Wednesday 1 November 2000

The end of my accounting year. Because I’m reasonably ahead of schedule, and because I am away for 10 days, and because I have to do my VAT returns shortly, I’ve made a start on the accounts for the last three months, which happen to be the final ones of the EC Inform accounting year. My turnover was £112,000 and my net business income was £71,000. The net income, which doesn’t include any income from investments/savings, is the most I’ve ever earned. £10,000 of the total came from the Eurelectric contract, and about £18,000 from the transport book (into which much effort in the previous tax year was put by both myself and Theo). (My income would have been £80,000 if I’d included the second Eurelectric payment, which I held back for tax reasons.)

Adam has asked me to type this in. An ancient Egyptian proverb quoted in JMS’s ‘Babylon 5’: ‘May the gods stand between you and harm in all the empty places in which you must walk.’ We have now watched the end of B5’s season three. We have seen the whole series twice; and read many of the notes attached to each episode, which we pulled down from the internet. Unfortunately, Channel 4 is prevaricating about the final two series (which we haven’t seen at all - not once), and we don’t know when we will be able to see them.

DREAM
We were in a built up place, on an urban island or similar, looking out from high over across a stretch of water to a built up shore line (this may have come from the BBC Sydney Olympics studio which had a huge glass window backdrop across the bay to the Opera House). I went off on my own somewhere and found myself looking across the water. I saw a large blue boat floating in the air, slowly drifting down, and eventually hitting a tall building. The top half of the building toppled into the water. I was afraid it would create a huge wave that would move across and harm us, but I only saw a small wave. After a moment or two, I saw hundreds of people diving into the water; but I thought this was a stupid thing to do, because they might get pulled under by the suction of the building going down. I realised I must find Adam and make sure he is OK, although I didn’t think there would be a problem because we were quite high up.

Saturday 4 November 2000

We had terrible weather this week - gales and masses of rain. Floods are still causing havoc across the country; in some places they are the worst since records began. A huge oak branch fell across Red House Lane during Sunday night. I went out with the clippers and pruned enough to allow cars through (and I’ve just had a bonfire to burn them all), then Tom, whose tree it was, used a chainsaw to cut up the thicker branches. The road was covered in water too. Much of the garden was waterlogged, but, touch wood, the water hasn’t risen above ground level. With the artificial deadline set by the fuel price protesters approaching, the government was not shy in making some references to global warming. A report came out, more or less at the same time, suggesting the UK might actually benefit from a better climate, although it would suffer from more unpredictable extremes of weather. Personally, I think it’s going to take much more than a few floods before democratically-elected politicians will be empowered to take seriously difficult decisions about climate change.

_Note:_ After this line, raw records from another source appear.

theorem menger_edge:
  fixes E :: "'e set" and ends :: "'e \<Rightarrow> 'v set"
  assumes "finite E" "\<forall>e\<in>E. \<exists>p q. ends e = {p, q}" "a \<noteq> b" "separating_cuts_ge E ends a b k"
  shows "has_disjoint_paths E ends a b k"
  using assms
proof (induction "graph_size E ends" arbitrary: E ends k rule: less_induct)
  case less
  note fin = less.prems(1) and two = less.prems(2) and ab = less.prems(3) and cuts = less.prems(4)
  have IH: "has_disjoint_paths E' ends' a b k'"
    if "graph_size E' ends' < graph_size E ends" "finite E'" "\<forall>e\<in>E'. \<exists>p q. ends' e = {p, q}"
      "separating_cuts_ge E' ends' a b k'" for E' :: "'e set" and ends' k'
    using less.hyps[OF that(1)] that(2-4) ab by simp
  have fin_ends: "\<forall>e\<in>E. finite (ends e)" using two by auto
  have IH_Diff: "separating_cuts_ge (E - F) ends a b k' \<Longrightarrow> has_disjoint_paths (E - F) ends a b k'"
    if "e \<in> E" "e \<in> F" for e F k'
    using IH[OF graph_size_Diff_less[OF fin fin_ends that(1,2)]] fin two by simp
  show ?case
  proof (cases k)
    case 0
    then show ?thesis by (simp add: has_disjoint_paths_0)
  next
    case (Suc k')
    note cuts' = cuts[unfolded Suc]
    from two ab cuts' show ?thesis
    proof (cases rule: separating_cuts_ge_cases)
      case (direct e)
      have "is_path E ends a b [e]" unfolding is_path_def using direct ab by (intro exI[of _ "[a, b]"]) simp
      from has_disjoint_paths_Suc_via_path[OF fin cuts' this _ IH_Diff[of e]] show ?thesis
        using direct(1) Suc by auto
    next
      case (via e1 e2 v)
      have "is_path E ends a b [e1, e2]"
        unfolding is_path_def using via ab by (intro exI[of _ "[a, v, b]"]) (simp add: All_less_Suc2)
      moreover have "\<exists>f. cut_edges E ends Z \<inter> {e1, e2} \<subseteq> {f}" if "a \<in> Z" "b \<notin> Z" for Z
      proof -
        have "e1 \<notin> cut_edges E ends Z \<or> e2 \<notin> cut_edges E ends Z" using via that by (auto simp: cut_edges_def)
        then show ?thesis by auto
      qed
      ultimately show ?thesis
        using has_disjoint_paths_Suc_via_path[OF fin cuts', of "[e1, e2]"] IH_Diff[of e1 "{e1, e2}" k'] via(1) Suc
        by simp
    next
      case (inner e)
      show ?thesis by (rule menger_inner_edge_step[OF fin two ab cuts _ inner IH]) (simp_all add: Suc)
    qed
  qed
qed

corollary edge_conn_ge_if_separating_cuts_ge:
  assumes "finite E" "\<forall>e\<in>E. \<exists>p q. ends e = {p, q}" "a \<noteq> b" "separating_cuts_ge E ends a b k"
  shows "k \<le> edge_conn E ends a b"
  using edge_conn_geI[OF assms(1,3) menger_edge[OF assms]] .

corollary small_cut_if_edge_conn_less:
  assumes "finite E" "\<forall>e\<in>E. \<exists>p q. ends e = {p, q}" "a \<noteq> b" "edge_conn E ends a b < k"
  obtains Z where "a \<in> Z" "b \<notin> Z" "card (cut_edges E ends Z) < k"
proof -
  have "\<not> separating_cuts_ge E ends a b k"
    using edge_conn_ge_if_separating_cuts_ge[OF assms(1-3), of k] assms(4) by linarith
  then show thesis using that by (auto simp: separating_cuts_ge_def not_le)
qed

section \<open>Dangerous sets\<close>

locale lifting_at_vertex =
  fixes V :: "'v set" and E :: "'e set" and ends :: "'e \<Rightarrow> 'v set"
    and s :: 'v and A :: "'v set" and l :: nat
  assumes multigraph: "multigraph V E ends"
    and l_ge_4: "4 \<le> l"
    and A_subset: "A \<subseteq> V" and s_notin_A: "s \<notin> A"
    and conn: "\<forall>x\<in>A. \<forall>y\<in>A. x \<noteq> y \<longrightarrow> edge_conn E ends x y \<ge> l"
    and edges_meet_A: "\<forall>e\<in>E. ends e \<inter> A \<noteq> {}"
begin

definition Es :: "'e set" where
  "Es = {e\<in>E. s \<in> ends e}"

abbreviation nb :: "'e \<Rightarrow> 'v" where
  "nb \<equiv> other_end ends s"

abbreviation d :: "'v set \<Rightarrow> nat" where
  "d Z \<equiv> card (cut_edges E ends Z)"

abbreviation adm :: "'e \<Rightarrow> 'e \<Rightarrow> bool" where
  "adm \<equiv> lift_adm V E ends s A l"

definition separates :: "'v set \<Rightarrow> bool" where
  "separates Z \<longleftrightarrow> Z \<inter> A \<noteq> {} \<and> \<not> A \<subseteq> Z"

definition dangerous :: "'v set \<Rightarrow> bool" where
  "dangerous Z \<longleftrightarrow> Z \<subseteq> V - {s} \<and> separates Z \<and> d Z \<le> l + 1"

definition edges_into :: "'v set \<Rightarrow> 'e set" where
  "edges_into Z = {e\<in>Es. nb e \<in> Z}"

lemma finite_E: "finite E"
  using multigraph by (simp add: multigraph_def)

lemma ends_subset_V: "e \<in> E \<Longrightarrow> ends e \<subseteq> V"
  using multigraph by (simp add: multigraph_def)

lemma two_ended: "\<forall>e\<in>E. \<exists>p q. ends e = {p, q}"
  using multigraph unfolding multigraph_def card_2_iff by blast

lemma finite_Es: "finite Es"
  using finite_E by (simp add: Es_def)

lemma A_subset_V_minus_s: "A \<subseteq> V - {s}"
  using A_subset s_notin_A by auto

lemma Es_ends:
  assumes "e \<in> Es"
  shows "e \<in> E" "ends e = {s, nb e}" "nb e \<noteq> s" "nb e \<in> A"
proof -
  show "e \<in> E" using assms by (simp add: Es_def)
  then obtain x y where xy: "ends e = {x, y}" "x \<noteq> y"
    using multigraph by (auto simp: multigraph_def card_2_iff)
  moreover have "s \<in> ends e" using assms by (simp add: Es_def)
  ultimately obtain z where z: "ends e = {s, z}" "z \<noteq> s" by auto
  then have "ends e - {s} = {z}" by auto
  then have "nb e = z" by (simp add: other_end_def)
  then show "ends e = {s, nb e}" "nb e \<noteq> s" using z by simp_all
  then show "nb e \<in> A" using edges_meet_A \<open>e \<in> E\<close> s_notin_A by auto
qed

lemma d_ge_if_separates: "separates Z \<Longrightarrow> l \<le> d Z"
proof -
  assume "separates Z"
  then obtain x y where "x \<in> Z" "x \<in> A" "y \<in> A" "y \<notin> Z" by (auto simp: separates_def)
  then have "l \<le> edge_conn E ends x y" using conn by auto
  also have "\<dots> \<le> d Z" using edge_conn_le_card_cut[OF finite_E \<open>x \<in> Z\<close> \<open>y \<notin> Z\<close>] .
  finally show ?thesis .
qed

lemma separates_complement: "separates Z \<Longrightarrow> separates (V - {s} - Z)"
  using A_subset_V_minus_s by (auto simp: separates_def)

lemma d_complement:
  assumes W: "W \<subseteq> V - {s}"
  shows "d (V - {s} - W) + 2 * card (edges_into W) = d W + card Es"
proof -
  have "V - {s} - W = V - insert s W" by auto
  then have "d (V - {s} - W) = d (insert s W)"
    using cut_complement[of E ends V "insert s W"] ends_subset_V by simp
  moreover have "(\<Sum>e\<in>E. of_bool (crosses (ends e) (insert s W)) + 2 * of_bool (e \<in> Es \<and> nb e \<in> W)) =
      (\<Sum>e\<in>E. of_bool (crosses (ends e) W) + (of_bool (e \<in> Es) :: nat))"
  proof (rule sum.cong)
    fix e assume "e \<in> E"
    show "of_bool (crosses (ends e) (insert s W)) + 2 * of_bool (e \<in> Es \<and> nb e \<in> W) =
        of_bool (crosses (ends e) W) + (of_bool (e \<in> Es) :: nat)"
    proof (cases "e \<in> Es")
      case True
      then show ?thesis using Es_ends(2,3)[OF True] W by (cases "nb e \<in> W") auto
    next
      case False
      then have "s \<notin> ends e" using \<open>e \<in> E\<close> by (simp add: Es_def)
      then have "crosses (ends e) (insert s W) \<longleftrightarrow> crosses (ends e) W"
        by (auto simp: crosses_def subset_insert)
      then show ?thesis using False by simp
    qed
  qed simp
  moreover have "card (edges_into W) = (\<Sum>e\<in>E. of_bool (e \<in> Es \<and> nb e \<in> W))"
    using card_filter_eq_sum[OF finite_E, of "\<lambda>e. e \<in> Es \<and> nb e \<in> W"] by (simp add: edges_into_def Es_def)
  moreover have "card Es = (\<Sum>e\<in>E. of_bool (e \<in> Es))"
    using card_filter_eq_sum[OF finite_E, of "\<lambda>e. e \<in> Es"] by (simp add: Es_def)
  ultimately show ?thesis
    by (simp only: card_cut_eq_sum[OF finite_E] sum.distrib sum_distrib_left[symmetric])
qed

lemma lift_edges_eq: "lift_edges E ends s e f = (E - {f}, ends(e := {nb e, nb f}))"
  by (simp add: lift_edges_def)

lemma card_cut_lift:
  assumes e: "e \<in> Es" and f: "f \<in> Es" and "e \<noteq> f" and "s \<notin> Z"
  shows "card (cut_edges (E - {f}) (ends(e := {nb e, nb f})) Z) + 2 * of_bool (nb e \<in> Z \<and> nb f \<in> Z) = d Z"
proof -
  let ?ends' = "ends(e := {nb e, nb f})"
  have E: "e \<in> E - {f}" "f \<in> E" using Es_ends(1)[OF e] Es_ends(1)[OF f] \<open>e \<noteq> f\<close> by auto
  have crosses_e: "crosses (ends e) Z \<longleftrightarrow> nb e \<in> Z" and crosses_f: "crosses (ends f) Z \<longleftrightarrow> nb f \<in> Z"
    using Es_ends(2)[OF e] Es_ends(2)[OF f] \<open>s \<notin> Z\<close> by simp_all
  let ?c = "\<lambda>F. of_bool (crosses F Z) :: nat"
  let ?rest = "\<Sum>g\<in>E - {f} - {e}. ?c (ends g)"
  have fin: "finite (E - {f})" using finite_E by simp
  have "d Z = (\<Sum>g\<in>E. ?c (ends g))" by (rule card_cut_eq_sum[OF finite_E])
  also have "\<dots> = ?c (ends f) + (\<Sum>g\<in>E - {f}. ?c (ends g))" by (rule sum.remove[OF finite_E E(2)])
  also have "(\<Sum>g\<in>E - {f}. ?c (ends g)) = ?c (ends e) + ?rest" by (rule sum.remove[OF fin E(1)])
  finally have dZ: "d Z = ?c (ends f) + ?c (ends e) + ?rest" by simp
  have "card (cut_edges (E - {f}) ?ends' Z) = (\<Sum>g\<in>E - {f}. ?c (?ends' g))"
    by (rule card_cut_eq_sum[OF fin])
  also have "\<dots> = ?c (?ends' e) + (\<Sum>g\<in>E - {f} - {e}. ?c (?ends' g))" by (rule sum.remove[OF fin E(1)])
  also have "(\<Sum>g\<in>E - {f} - {e}. ?c (?ends' g)) = ?rest" by (rule sum.cong) auto
  finally have "card (cut_edges (E - {f}) ?ends' Z) = ?c {nb e, nb f} + ?rest" by (simp only: fun_upd_same)
  then show ?thesis using dZ crosses_e crosses_f by (cases "nb e \<in> Z"; cases "nb f \<in> Z") simp_all
qed

lemma lift_adm_iff:
  assumes "e \<in> Es" "f \<in> Es" "e \<noteq> f"
  shows "adm e f \<longleftrightarrow> (\<forall>x\<in>A. \<forall>y\<in>A. x \<noteq> y \<longrightarrow> l \<le> edge_conn (E - {f}) (ends(e := {nb e, nb f})) x y)"
  using assms A_subset_V_minus_s by (auto simp: lift_adm_def lift_edges_eq tau_def Es_def)

lemma not_adm_if_dangerous:
  assumes Z: "dangerous Z" and e: "e \<in> Es" and f: "f \<in> Es" and "nb e \<in> Z" "nb f \<in> Z"
  shows "\<not> adm e f"
proof
  assume adm: "adm e f"
  then have "e \<noteq> f" by (simp add: lift_adm_def)
  obtain x y where xy: "x \<in> Z" "x \<in> A" "y \<in> A" "y \<notin> Z"
    using Z by (auto simp: dangerous_def separates_def)
  have "s \<notin> Z" using Z by (auto simp: dangerous_def)
  have "l \<le> edge_conn (E - {f}) (ends(e := {nb e, nb f})) x y"
    using adm xy \<open>e \<noteq> f\<close> lift_adm_iff[OF e f] by auto
  also have "\<dots> \<le> card (cut_edges (E - {f}) (ends(e := {nb e, nb f})) Z)"
    using finite_E xy(1,4) by (simp add: edge_conn_le_card_cut)
  finally show False
    using card_cut_lift[OF e f \<open>e \<noteq> f\<close> \<open>s \<notin> Z\<close>] Z assms(4,5) by (simp add: dangerous_def)
qed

This morning I gave some thought to the Egypt trip - I received my tickets and final paperwork in the post yesterday and I leave next Saturday. This will be the longest holiday (i.e. 10 days rather than 7 days) that I have taken since I started EC Inform - and I am starting to look forward to it. It will be my first time outside Europe since I came back from Brazil, and apart from Brazil, it will be my first time outside Western civilisation in 20 years. My fingers are crossed that there are one or two reasonably intelligent and grown-up people on the trip - so I don’t have to go solo mode.

I’m engaged in an email dialogue with a psychologist in Manchester, I think, who says she is 36. Her real name is Linda, though I call her Angel. She picked me out for a message on a free and rather unpopulated lonely hearts website. I responded with interest and, since then we’ve been sending short emails to each other every couple of days. Although I’ve offered up my direct email, Angel is sticking for the time being to communication through the website. From her details, she sounds a little spiritually unstable for me; although, I’m enjoying our ‘chat’. In my last message I asked about her relationships, and she told me she had one long one from when she was 23 to 33 with an artist, and a short one for two years since then. She then asked me about my relationships. Um, er, tricky, I suddenly realised how difficult this would be to answer.

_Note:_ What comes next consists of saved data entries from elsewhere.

theorem lemma15:
  fixes k :: nat and \<alpha> \<beta> b u v :: real and \<omega> \<eta> :: complex
  assumes "k \<ge> 1" and "\<alpha> > 0" and "\<beta> > 0" and "b > 0"
    and "norm \<omega> = 1" and "norm \<eta> = 1"
    and "u \<in> {-1..1}" and "v \<in> {-1..1}"
  shows "\<forall>\<^sub>F s in at_top.
     fI2k k \<alpha> \<beta> b \<omega> \<eta> u v s
       = Af k b s (qf k \<omega> \<eta> 1 1)
         / (Bf b \<omega> \<eta> s * Af k b s (qf k \<omega> \<eta> u v) powr complex_of_real (\<alpha> + \<beta> + 1))
   \<and> Af k b s (qf k \<omega> \<eta> 1 1)
         / (Bf b \<omega> \<eta> s * Af k b s (qf k \<omega> \<eta> u v) powr complex_of_real (\<alpha> + \<beta> + 1))
       = 1 / (Bf b \<omega> \<eta> s * Af k b s (qf k \<omega> \<eta> u v) powr complex_of_real (\<alpha> + \<beta>))
         + (- \<i> * complex_of_real b) ^ k * cos (qf k \<omega> \<eta> (u - 1) (v - 1))
           / (2 ^ (k - 1) * Bf b \<omega> \<eta> s * Af k b s (qf k \<omega> \<eta> u v) powr complex_of_real (\<alpha> + \<beta> + 1))
   \<and> gIk k \<alpha> b \<omega> \<eta> u s
       = Af k b s (qf k \<omega> \<eta> 1 1)
         / (Bf b \<omega> \<eta> s * Af k b s (qf k \<omega> \<eta> u 1) powr complex_of_real (\<alpha> + 1))
   \<and> Af k b s (qf k \<omega> \<eta> 1 1)
         / (Bf b \<omega> \<eta> s * Af k b s (qf k \<omega> \<eta> u 1) powr complex_of_real (\<alpha> + 1))
       = 1 / (Bf b \<omega> \<eta> s * Af k b s (qf k \<omega> \<eta> u 1) powr complex_of_real \<alpha>)
         + (- \<i> * complex_of_real b) ^ k * cos (qf k \<omega> \<eta> (u - 1) 0)
           / (2 ^ (k - 1) * Bf b \<omega> \<eta> s * Af k b s (qf k \<omega> \<eta> u 1) powr complex_of_real (\<alpha> + 1))"
proof -
  have k: "k > 0" and b: "b \<noteq> 0"
    using assms by auto
  have cos_f: "cos (qf k \<omega> \<eta> (u - 1) (v - 1)) = cos (qf k \<omega> \<eta> u v) - cos (qf k \<omega> \<eta> 1 1)"
    and cos_g: "cos (qf k \<omega> \<eta> (u - 1) 0) = cos (qf k \<omega> \<eta> u 1) - cos (qf k \<omega> \<eta> 1 1)"
    using Xf_diff[of k \<omega> \<eta> u 1 v 1] Xf_diff[of k \<omega> \<eta> u 1 1 1] by (simp_all add: qf_def)
  have "\<forall>\<^sub>F s in at_top. s > (0::real)"
    by (rule eventually_gt_at_top)
  then show ?thesis
  proof eventually_elim
    case (elim s)
    show ?case
      unfolding fI2k_def gIk_def
      using Ff_eq[OF k \<open>b > 0\<close> elim, where \<gamma> = "\<alpha> + \<beta>" and Y = "Xf k \<omega> \<eta> u v", folded qf_def]
        Ff_eq[OF k \<open>b > 0\<close> elim, where \<gamma> = \<alpha> and Y = "Xf k \<omega> \<eta> u 1", folded qf_def]
        Af_quotient_split[OF k b cos_f, where \<gamma> = "\<alpha> + \<beta>" and s = s and B = "Bf b \<omega> \<eta> s"]
        Af_quotient_split[OF k b cos_g, where \<gamma> = \<alpha> and s = s and B = "Bf b \<omega> \<eta> s"]
      by blast
  qed
qed

end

It looks like we will not go out tonight to find any fireworks. It’s cold and wet, and I can’t say I’m interested in them this year. Ads doesn’t seem very keen either. He’s a bit too content to stay in and watch ‘Casualty’.

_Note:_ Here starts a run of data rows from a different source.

(* Let $(X,p)$ and $(Y,d)$ be complete separable metric spaces and let $F: X \Rightarrow Y$ be a multi-valued function whose graph is an analytic subset of $X \times Y$. Then the set of points of strong continuity of $F$ is a co-analytic subset of $X$.
   Context: A multi-valued function $F: X \Rightarrow Y$ assigns to each $x$ a nonempty set $F(x)\subseteq Y$; its graph is $\{(x,y): y\in F(x)\}$. $F$ is strongly continuous at $x$ if for every $y \in F(x)$ and every $\varepsilon>0$ there is $\delta>0$ such that for every $x' \in B_p(x,\delta)$ there is $y' \in F(x')$ with $d(y,y')<\varepsilon$. A subset of a complete separable metric space is analytic if it is a continuous image of a closed subset of a complete separable metric space, and co-analytic if its complement is analytic. *)

theory Defs
  imports "HOL-Analysis.Analysis"
begin

text \<open>Analytic set: a continuous image of a closed subset of a complete separable
  metric space. Every complete separable metric space is homeomorphic to a closed
  subset of the Polish space nat => real (product topology), so it suffices to take
  closed subsets of that fixed Polish space as domains.\<close>
definition analytic_set :: "'a::topological_space set \<Rightarrow> bool" where
  "analytic_set A \<longleftrightarrow>
     (\<exists>(C :: (nat \<Rightarrow> real) set) f. closed C \<and> continuous_on C f \<and> f ` C = A)"

definition coanalytic_set :: "'a::topological_space set \<Rightarrow> bool" where
  "coanalytic_set A \<longleftrightarrow> analytic_set (- A)"

definition graph_mv :: "('a \<Rightarrow> 'b set) \<Rightarrow> ('a \<times> 'b) set" where
  "graph_mv F = {(x, y). y \<in> F x}"

definition strongly_continuous_at :: "('a::metric_space \<Rightarrow> 'b::metric_space set) \<Rightarrow> 'a \<Rightarrow> bool" where
  "strongly_continuous_at F x \<longleftrightarrow>
     (\<forall>y \<in> F x. \<forall>\<epsilon>>0. \<exists>\<delta>>0. \<forall>x' \<in> ball x \<delta>. \<exists>y' \<in> F x'. dist y y' < \<epsilon>)"

end

theory Submission imports Defs begin

text \<open>If \<open>F\<close> is not strongly continuous at \<open>x\<close>, witnessed by \<open>y \<in> F x\<close> and \<open>\<epsilon>\<close>, choose
  \<open>r = 1/(n+1)\<close> with \<open>4r < \<epsilon>\<close> and a point \<open>d\<close> of a countable dense set with \<open>d(d,y) < r\<close>: then
  \<open>x\<close> is a limit of points \<open>x'\<close> with \<open>F x' \<inter> B(d,3r) = {}\<close>. Conversely such \<open>x\<close>, \<open>y\<close>, \<open>d\<close>,
  \<open>r\<close> witness a failure of strong continuity with \<open>\<epsilon> = r\<close>. So the set of points of strong
  discontinuity is the countable union over \<open>d\<close> and \<open>n\<close> of the first projections of
  \<open>graph F \<inter> (closure {x'. F x' \<inter> B(d,3r) = {}} \<times> cball d r)\<close>. These are analytic, as analytic
  sets are stable under intersection with closed sets and under continuous images, and analytic
  sets are stable under countable unions.\<close>

lemma analytic_set_Int_closed:
  assumes "analytic_set S" "closed K"
  shows "analytic_set (S \<inter> K)"
proof -
  obtain C :: "(nat \<Rightarrow> real) set" and f where f: "closed C" "continuous_on C f" "f ` C = S"
    using assms(1) unfolding analytic_set_def by blast
  have "closed (C \<inter> f -` K)"
    using continuous_closed_preimage[OF f(2,1) assms(2)] .
  moreover have "continuous_on (C \<inter> f -` K) f"
    using continuous_on_subset[OF f(2)] by blast
  moreover have "f ` (C \<inter> f -` K) = S \<inter> K"
    using f(3) by blast
  ultimately show ?thesis
    unfolding analytic_set_def by blast
qed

I went to Guildford late on Thursday evening to see a movie called ‘Memento’. It might be the first time I’ve been to the cinema there on my own - there are so few mainstream movies that are worth the effort. But, for a change, I decided I would catch the late night show. Unfortunately, I somehow found myself in the wrong auditorium, and I didn’t realise my mistake until 10-15 minutes into the film (I actually knew very little about the film I was going to see, I had read one review, but I’d only retained in my memory the information that I wanted to see it, not what it was about!). And it was too late to move - so I sat through two hours of a very mediocre semi-martial arts movie about gang warfare in New York.

Earlier this week, too, I made a booking for my trip to Brussels in early December, based around the Eurelectric 75 year celebrations evening on 6 December. A day or two later, I was thinking about something else and suddenly realised I had booked myself to come back on the afternoon of the same day, 6 December. I had to grovel on the phone to Eurostar so they wouldn’t charge me too much to change my non-changeable, non-refundable ticket.